This paper presents a systematic theoretical and empirical comparison of learning algorithms for Harmonic Grammar (HG) and Optimality Theory (OT), using Czech word order as a test case. The authors extract a corpus of 2,955 simple transitive declarative sentences from the Prague Dependency Treebank, each annotated with grammatical functions (subject, verb, object) and information‑structure markers (topic, contrastive topic, focus). They define a set of twelve binary alignment constraints: six constraints align the subject, verb, and object to the left or right edge of the sentence, and six align the three information‑structure markers similarly.

Three learning algorithms are evaluated: (1) the online perceptron, which learns real‑valued constraint weights for an HG; (2) the Gradual Learning Algorithm (GLA), the classic OT learner that incrementally adjusts a hierarchical ranking of constraints; and (3) a Maximum Entropy (MaxEnt) model, which treats the constraints as features and learns a probability distribution over candidate word orders in a batch fashion.
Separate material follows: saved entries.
lemma integral_norm_trig_poly_le:
  assumes "finite J"
  shows "integral {-1..1} (\<lambda>t. norm (trig_poly J c t)) \<le> 2 * sqrt (\<Sum>j\<in>J. (norm (c j))\<^sup>2)"
proof -
  define S where "S = (\<Sum>j\<in>J. (norm (c j))\<^sup>2)"
  have integrable: "(\<lambda>t. norm (trig_poly J c t)) integrable_on {-1..1}"
    by (intro integrable_continuous_real continuous_on_norm continuous_on_trig_poly)
  show ?thesis
  proof (cases "S = 0")
    case True
    then have "\<forall>j\<in>J. c j = 0" using assms unfolding S_def by (simp add: sum_nonneg_eq_0_iff)
    then show ?thesis unfolding S_def[symmetric] using True by (simp add: trig_poly_def)
  next
    case False
    define a where "a = sqrt S"
    have "a > 0" "a * a = S"
      using False sum_nonneg[of J "\<lambda>j. (norm (c j))\<^sup>2"] by (auto simp: a_def S_def)
    \<comment> \<open>Cauchy-Schwarz via the AM-GM bound \<open>|p| \<le> |p|\<^sup>2/(2a) + a/2\<close> with \<open>a = \<surd>S\<close>\<close>
    have pointwise: "norm (trig_poly J c t) \<le> (norm (trig_poly J c t))\<^sup>2 / (2 * a) + a / 2" for t
    proof -
      have "0 \<le> (norm (trig_poly J c t) - a)\<^sup>2" by simp
      then show ?thesis using \<open>a > 0\<close> by (simp add: field_simps power2_eq_square)
    qed
    have "((\<lambda>t. (norm (trig_poly J c t))\<^sup>2 / (2 * a) + a / 2)
        has_integral (2 * S / (2 * a) + 2 * (a / 2))) {-1..1}"
    proof (intro has_integral_add)
      show "((\<lambda>t. (norm (trig_poly J c t))\<^sup>2 / (2 * a)) has_integral 2 * S / (2 * a)) {-1..1}"
        using has_integral_divide[OF has_integral_norm_trig_poly_squared[OF assms, of c], of "2 * a"]
        unfolding S_def by simp
      show "((\<lambda>t::real. a / 2) has_integral 2 * (a / 2)) {-1..1}"
        using has_integral_const_real[of "a / 2" "-1::real" 1] by simp
    qed
    then have "integral {-1..1} (\<lambda>t. norm (trig_poly J c t)) \<le> 2 * S / (2 * a) + 2 * (a / 2)"
      by (rule has_integral_le[OF integrable_integral[OF integrable]]) (use pointwise in auto)
    also have "\<dots> = 2 * a" using \<open>a > 0\<close> \<open>a * a = S\<close> by (simp add: field_simps)
    finally show ?thesis unfolding a_def S_def .
  qed
qed

lemma integral_norm_trig_poly_deriv_le:
  assumes "finite J" "0 \<le> K" "\<And>j. j \<in> J \<Longrightarrow> \<bar>real_of_int j\<bar> \<le> K"
  shows "integral {-1..1} (\<lambda>t. norm (trig_poly J (deriv_coeffs c) t))
           \<le> 2 * (pi * K) * sqrt (\<Sum>j\<in>J. (norm (c j))\<^sup>2)"
proof -
  have "(\<Sum>j\<in>J. (norm (deriv_coeffs c j))\<^sup>2) \<le> (\<Sum>j\<in>J. (norm (c j))\<^sup>2 * (pi * K)\<^sup>2)"
  proof (intro sum_mono)
    fix j assume "j \<in> J"
    then have "(pi * \<bar>real_of_int j\<bar>)\<^sup>2 \<le> (pi * K)\<^sup>2"
      using assms(3) by (intro power_mono mult_left_mono) auto
    then show "(norm (deriv_coeffs c j))\<^sup>2 \<le> (norm (c j))\<^sup>2 * (pi * K)\<^sup>2"
      unfolding norm_deriv_coeffs power_mult_distrib by (intro mult_left_mono) auto
  qed
  then have "sqrt (\<Sum>j\<in>J. (norm (deriv_coeffs c j))\<^sup>2)
      \<le> sqrt ((pi * K)\<^sup>2 * (\<Sum>j\<in>J. (norm (c j))\<^sup>2))"
    by (simp add: sum_distrib_left mult.commute)
  also have "\<dots> = pi * K * sqrt (\<Sum>j\<in>J. (norm (c j))\<^sup>2)"
    using assms(2) by (simp add: real_sqrt_mult)
  finally show ?thesis
    using integral_norm_trig_poly_le[OF assms(1), of "deriv_coeffs c"] by linarith
qed

subsection \<open>Voronoi cells and quadrature\<close>

lemma voronoi_subset: "voronoi T s \<subseteq> {-1<..<1}"
  unfolding voronoi_def by auto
The perceptron updates weights after each training example, rewarding the correct candidate and penalizing competing candidates, thereby allowing lower‑weight constraints to “gang‑up” on higher‑weight ones. The GLA, by contrast, maintains a strict ranking; lower‑ranked constraints can never outweigh higher‑ranked ones, even cumulatively. MaxEnt provides a probabilistic baseline but does not model incremental learning.
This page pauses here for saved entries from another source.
lemma least_cut_unwrap_window:
  assumes "p < q" "p \<le> r" "Y \<subseteq> Inl ` {0..<q} \<union> Inr ` {0..<r}" "avoids (cycle_cut_pairs q p) Y"
  shows "least_cut q (unwrap_window q p ` Y) = least_cycle_cut q Y"
proof -
  let ?X = "unwrap_window q p ` Y"
  have "wrap_window q p ` ?X = Y"
    using unwrap_window_image[OF assms(1-3)] by simp
  moreover from this have "avoids (cut_pairs q p) ?X"
    using avoids_cycle_cut_pairs_wrap_window_iff[of p p q ?X] assms(1,4) by simp
  ultimately show ?thesis
    using least_cycle_cut_wrap_window[OF assms(1)] by metis
qed

lemma least_cycle_cut_bound:
  assumes "Y \<subseteq> Inl ` {0..<q} \<union> Inr ` {0..<r}" "card Y < q" "card Y \<le> r + 1"
  shows "least_cycle_cut q Y < q" "least_cycle_cut q Y \<le> r"
    "avoids (cycle_cut_pairs q (least_cycle_cut q Y)) Y"
proof -
  define M where "M = min (q - 1) r"
  have M: "M < q" "M \<le> r"
    using assms(2) by (auto simp: M_def)
  define X where "X = unwrap_window q M ` Y"
  have X: "X \<subseteq> {0..<q + r}" "wrap_window q M ` X = Y" "card X = card Y"
    using unwrap_window_image[OF M assms(1)] by (simp_all add: X_def)
  then have "finite X"
    using finite_subset by blast
  define p where "p = least_cut q X"
  have "p \<le> M" "avoids (cut_pairs q p) X"
    using least_cut_bound[OF \<open>finite X\<close>] X(3) assms(2,3) by (auto simp: p_def M_def)
  then have Y: "avoids (cycle_cut_pairs q p) Y"
    using avoids_cycle_cut_pairs_wrap_window_iff[OF \<open>p \<le> M\<close> M(1), of X] X(2) by simp
  have "least_cycle_cut q Y \<le> p"
    unfolding least_cycle_cut_def using Y by (rule Least_le)
  then show "least_cycle_cut q Y < q" "least_cycle_cut q Y \<le> r"
    using \<open>p \<le> M\<close> M by auto
  show "avoids (cycle_cut_pairs q (least_cycle_cut q Y)) Y"
    unfolding least_cycle_cut_def using Y by (rule LeastI)
qed

lemma bij_betw_wrap_least_cut:
  assumes "k < q" "k \<le> r + 1"
  shows "bij_betw (\<lambda>X. wrap_window q (least_cut q X) ` X)
           {X. X \<subseteq> {0..<q + r} \<and> card X = k}
           {Y. Y \<subseteq> Inl ` {0..<q} \<union> Inr ` {0..<r} \<and> card Y = k}"
proof (rule bij_betw_byWitness[where f' = "\<lambda>Y. unwrap_window q (least_cycle_cut q Y) ` Y"])
  let ?A = "{X. X \<subseteq> {0..<q + r} \<and> card X = k}"
  let ?B = "{Y. Y \<subseteq> Inl ` {0..<q} \<union> Inr ` {0..<r} \<and> card Y = k}"
  have cut_X: "least_cut q X < q" "least_cut q X \<le> r" "avoids (cut_pairs q (least_cut q X)) X"
    if "X \<in> ?A" for X
    using least_cut_bound[of X q r] that assms finite_subset[of X "{0..<q + r}"] by auto
  have cut_Y: "least_cycle_cut q Y < q" "least_cycle_cut q Y \<le> r"
    "avoids (cycle_cut_pairs q (least_cycle_cut q Y)) Y" if "Y \<in> ?B" for Y
    using least_cycle_cut_bound[of Y q r] that assms by auto
  show "\<forall>X\<in>?A. unwrap_window q (least_cycle_cut q (wrap_window q (least_cut q X) ` X))
      ` wrap_window q (least_cut q X) ` X = X"
    using cut_X least_cycle_cut_wrap_window unwrap_wrap_window by (simp add: image_comp)
  show "\<forall>Y\<in>?B. wrap_window q (least_cut q (unwrap_window q (least_cycle_cut q Y) ` Y))
      ` unwrap_window q (least_cycle_cut q Y) ` Y = Y"
  proof
    fix Y assume Y: "Y \<in> ?B"
    then have "Y \<subseteq> Inl ` {0..<q} \<union> Inr ` {0..<r}"
      by simp
    then show "wrap_window q (least_cut q (unwrap_window q (least_cycle_cut q Y) ` Y))
        ` unwrap_window q (least_cycle_cut q Y) ` Y = Y"
      using least_cut_unwrap_window[OF cut_Y(1,2)[OF Y] _ cut_Y(3)[OF Y]]
        unwrap_window_image(2)[OF cut_Y(1,2)[OF Y]] by simp
  qed
  show "(\<lambda>X. wrap_window q (least_cut q X) ` X) ` ?A \<subseteq> ?B"
  proof (rule image_subsetI)
    fix X assume X: "X \<in> ?A"
    then show "wrap_window q (least_cut q X) ` X \<in> ?B"
      using wrap_window_image[OF cut_X(1,2)[OF X]] by simp
  qed
  show "(\<lambda>Y. unwrap_window q (least_cycle_cut q Y) ` Y) ` ?B \<subseteq> ?A"
  proof (rule image_subsetI)
    fix Y assume Y: "Y \<in> ?B"
    then show "unwrap_window q (least_cycle_cut q Y) ` Y \<in> ?A"
      using unwrap_window_image[OF cut_Y(1,2)[OF Y]] by simp
  qed
qed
Experimental results show that the HG learned by the perceptron achieves about 84 % accuracy on a held‑out test set, close to the theoretical upper bound of roughly 87 % derived from the information available in the data. The OT grammar learned by GLA reaches only about 78 % accuracy, while MaxEnt attains around 80 %. The performance gap is attributed to the “ganging‑up” effect: in many instances, several low‑weight alignment constraints collectively favor a word order that would be ruled out by the strict OT hierarchy. Moreover, the HG model captures the observed distribution of word‑order variation far more faithfully than either OT or MaxEnt, which tend to misestimate the probabilities of less frequent orders.
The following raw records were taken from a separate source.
(* Let $G$ be a partial cube in which every convex cycle is a $6$-cycle, and let $P=v_0v_1\cdots v_l$ ($l\geqslant 3$) be a path in $G$. If $P$ is of type-II, then $P$ is a shortest $v_0,v_l$-path (geodesic) in $G$.
   Context: A partial cube is a connected graph isomorphic to an isometric subgraph of a hypercube. A subgraph $H$ is convex if for all $u,v\in V(H)$ every shortest $u,v$-path of $G$ lies in $H$; a convex cycle is a cycle that is a convex subgraph. The Djoković–Winkler relation $\Theta$ on edges: $uv\,\Theta\,xy$ iff $d(u,x)+d(v,y)\neq d(u,y)+d(v,x)$; in a partial cube it is an equivalence relation, and $F_e$ denotes the $\Theta$-class of edge $e$. For a vertex $v$, $\mathcal{F}(v)=\{F_e: e \text{ is an edge incident with } v\}$. With $e_i=v_{i-1}v_i$ ($1\leqslant i\leqslant l$), the path $P=v_0v_1\cdots v_l$ ($l\geqslant 3$) is of type-II if for every $1\leqslant i\leqslant l-2$: $F_{e_i}\notin\mathcal{F}(v_{i+2})$ and $F_{e_{i+2}}\notin\mathcal{F}(v_{i-1})$. *)

theory Defs
  imports Main
begin

definition graph :: "'a set \<Rightarrow> ('a \<Rightarrow> 'a \<Rightarrow> bool) \<Rightarrow> bool" where
  "graph V E \<longleftrightarrow> (\<forall>u v. E u v \<longrightarrow> u \<in> V \<and> v \<in> V) \<and> (\<forall>u v. E u v \<longrightarrow> E v u) \<and> (\<forall>u. \<not> E u u)"
(* Let $L$ be as in the context, and suppose $L=L_v+\mathbb{Z}v$ is an orthogonal direct sum with $v^2=2$. If $L_v$ is achiral then $L$ is achiral. More precisely, for any cell $P_v$ of $\Lambda(L_v)$, any automorphism $f_v$ of $L_v$ with $f_v(P_v)=P_v$ which is $P_v$-direct and $\mathbb{Z}/3$-reversing extends to an automorphism $f$ of $L$ which is $\mathbb{Z}/3$-reversing, preserves some cell $P$ of $\Lambda(L)$, and is $P$-direct.
   Context: Lattices considered: integral lattices of signature $(n,1)$ whose discriminant group is $\mathbb{Z}/3\oplus D$ with $D$ $2$-periodic. For such a lattice $L$: $V_k=\{w\in L:w^2=k,\ 2wx/w^2\in\mathbb{Z}\ \forall x\in L\}$ ($k=2,6$); $\Lambda(L)=\{x\in L\otimes\mathbb{R}:x^2<0\}/\mathbb{R}^*$; cells are closures of components of the complement of the hyperplanes $w^\perp$, $w\in V_2\cup V_6$. A cell $P$ lifts to two opposite pieces $\pm P^\sharp$ in $\{x^2<0\}/\mathbb{R}_{>0}$; $g$ with $g(P)=P$ is $P$-direct if $g(P^\sharp)=P^\sharp$, $P$-reversing otherwise. $g$ is $\mathbb{Z}/3$-direct if it acts trivially on the $3$-primary part of the discriminant group, $\mathbb{Z}/3$-reversing otherwise. $L$ is achiral if for some cell $P$ there is a $\mathbb{Z}/3$-direct $P$-reversing $g$ with $g(P)=P$ (equivalently, a $\mathbb{Z}/3$-reversing $P$-direct one, since these differ by the sign $-1$). *)

theory Defs
  imports "HOL-Analysis.Analysis"
begin

text \<open>A lattice of rank N is modelled as the standard integer lattice
  in real^'n (N = CARD('n)) equipped with an integral symmetric Gram matrix G.
  Elements of L are the integer vectors; L tensor R is real^'n.\<close>

definition bf :: "real^'n^'n \<Rightarrow> real^'n \<Rightarrow> real^'n \<Rightarrow> real" where
  "bf G x y = x \<bullet> (G *v y)"

definition latt :: "(real^'n) set" where
  "latt = {x. \<forall>i. x $ i \<in> \<int>}"

definition integral_gram :: "real^'n^'n \<Rightarrow> bool" where
  "integral_gram G \<longleftrightarrow> transpose G = G \<and> (\<forall>i j. G $ i $ j \<in> \<int>)"

text \<open>Signature (n,1), n = CARD('n) - 1 (Sylvester inertia: congruent over the
  reals to diag(1,...,1,-1)).\<close>
definition hyperbolic_sig :: "real^'n^'n \<Rightarrow> bool" where
  "hyperbolic_sig G \<longleftrightarrow> (\<exists>(P::real^'n^'n) k. invertible P \<and>
      transpose P ** G ** P = (\<chi> i j. if i = j then (if i = k then -1 else 1) else 0))"

text \<open>Dual lattice L^*; discriminant group A = L^*/L.\<close>
definition dual :: "real^'n^'n \<Rightarrow> (real^'n) set" where
  "dual G = {x. \<forall>y\<in>latt. bf G x y \<in> \<int>}"

definition latt_cong :: "(real^'n) set \<Rightarrow> ((real^'n) \<times> (real^'n)) set" where
  "latt_cong S = {(x,y). x \<in> S \<and> y \<in> S \<and> x - y \<in> latt}"

text \<open>3-primary part of the discriminant group, as cosets x + L with 3x in L.\<close>
definition disc3 :: "real^'n^'n \<Rightarrow> (real^'n) set" where
  "disc3 G = {x \<in> dual G. 3 *\<^sub>R x \<in> latt}"
(* Let ${}^*\mathbb{Z}=\mathbb{Z}^I/\mathcal{U}$ be an ultrapower of $\mathbb{Z}$ with respect to a nonprincipal ultrafilter $\mathcal{U}$ on a countably infinite set $I$, and let $\mathfrak{m}$ be a maximal ideal of ${}^*\mathbb{Z}$, with $\nu_{\mathfrak{m}}$ and $S_{\mathfrak{m}}$ as in the context. Then $P\mapsto\nu_{\mathfrak{m}}\big((P\,{}^*\mathbb{Z}_{\mathfrak{m}})\setminus\{0\}\big)$ is a one-to-one correspondence between the prime ideals $P$ of ${}^*\mathbb{Z}$ contained in $\mathfrak{m}$ and the proper radical subsemigroups of $S_{\mathfrak{m}}$ without right-end-point.
   Context: It is known (Olberding–Saydam) that the localization ${}^*\mathbb{Z}_{\mathfrak{m}}$ is a valuation domain; let $\nu_{\mathfrak{m}}$ be its valuation, with values in a totally ordered abelian group written multiplicatively, $\nu_{\mathfrak{m}}(a)\le\nu_{\mathfrak{m}}(b)$ iff $b/a\in{}^*\mathbb{Z}_{\mathfrak{m}}$, and $S_{\mathfrak{m}}=\nu_{\mathfrak{m}}({}^*\mathbb{Z}_{\mathfrak{m}}\setminus\{0\})$ as an ordered semigroup. A subsemigroup $T\subseteq S_{\mathfrak{m}}$ (a subset closed under multiplication) is proper if $T\neq S_{\mathfrak{m}}$; convex if $t_1<s<t_2$ with $t_1,t_2\in T$ implies $s\in T$; radical if whenever $x\in T$, $n>0$, $y\in S_{\mathfrak{m}}$, $y^n=x$, then $y\in T$; and without right-end-point if it is convex and $x\in T$, $y\in S_{\mathfrak{m}}$, $x<y$ imply $y\in T$. *)

theory Defs
  imports "HOL-Algebra.QuotRing" "HOL-Library.Countable_Set"
begin

definition nonprincipal_ultrafilter :: "'i set set \<Rightarrow> bool" where
  "nonprincipal_ultrafilter U \<longleftrightarrow>
     UNIV \<in> U \<and> {} \<notin> U \<and>
     (\<forall>A B. A \<in> U \<longrightarrow> B \<in> U \<longrightarrow> A \<inter> B \<in> U) \<and>
     (\<forall>A B. A \<in> U \<longrightarrow> A \<subseteq> B \<longrightarrow> B \<in> U) \<and>
     (\<forall>A. A \<in> U \<or> - A \<in> U) \<and>
     (\<forall>x. {x} \<notin> U)"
The authors argue that these findings demonstrate two key points. First, HG’s additional expressive power—numeric weighting of constraints—provides a measurable advantage for modeling syntactic phenomena that involve interaction between grammatical structure and discourse‑level information. Second, the perceptron’s online nature aligns well with theories of human language acquisition, offering a simple yet effective computational model of incremental grammar learning.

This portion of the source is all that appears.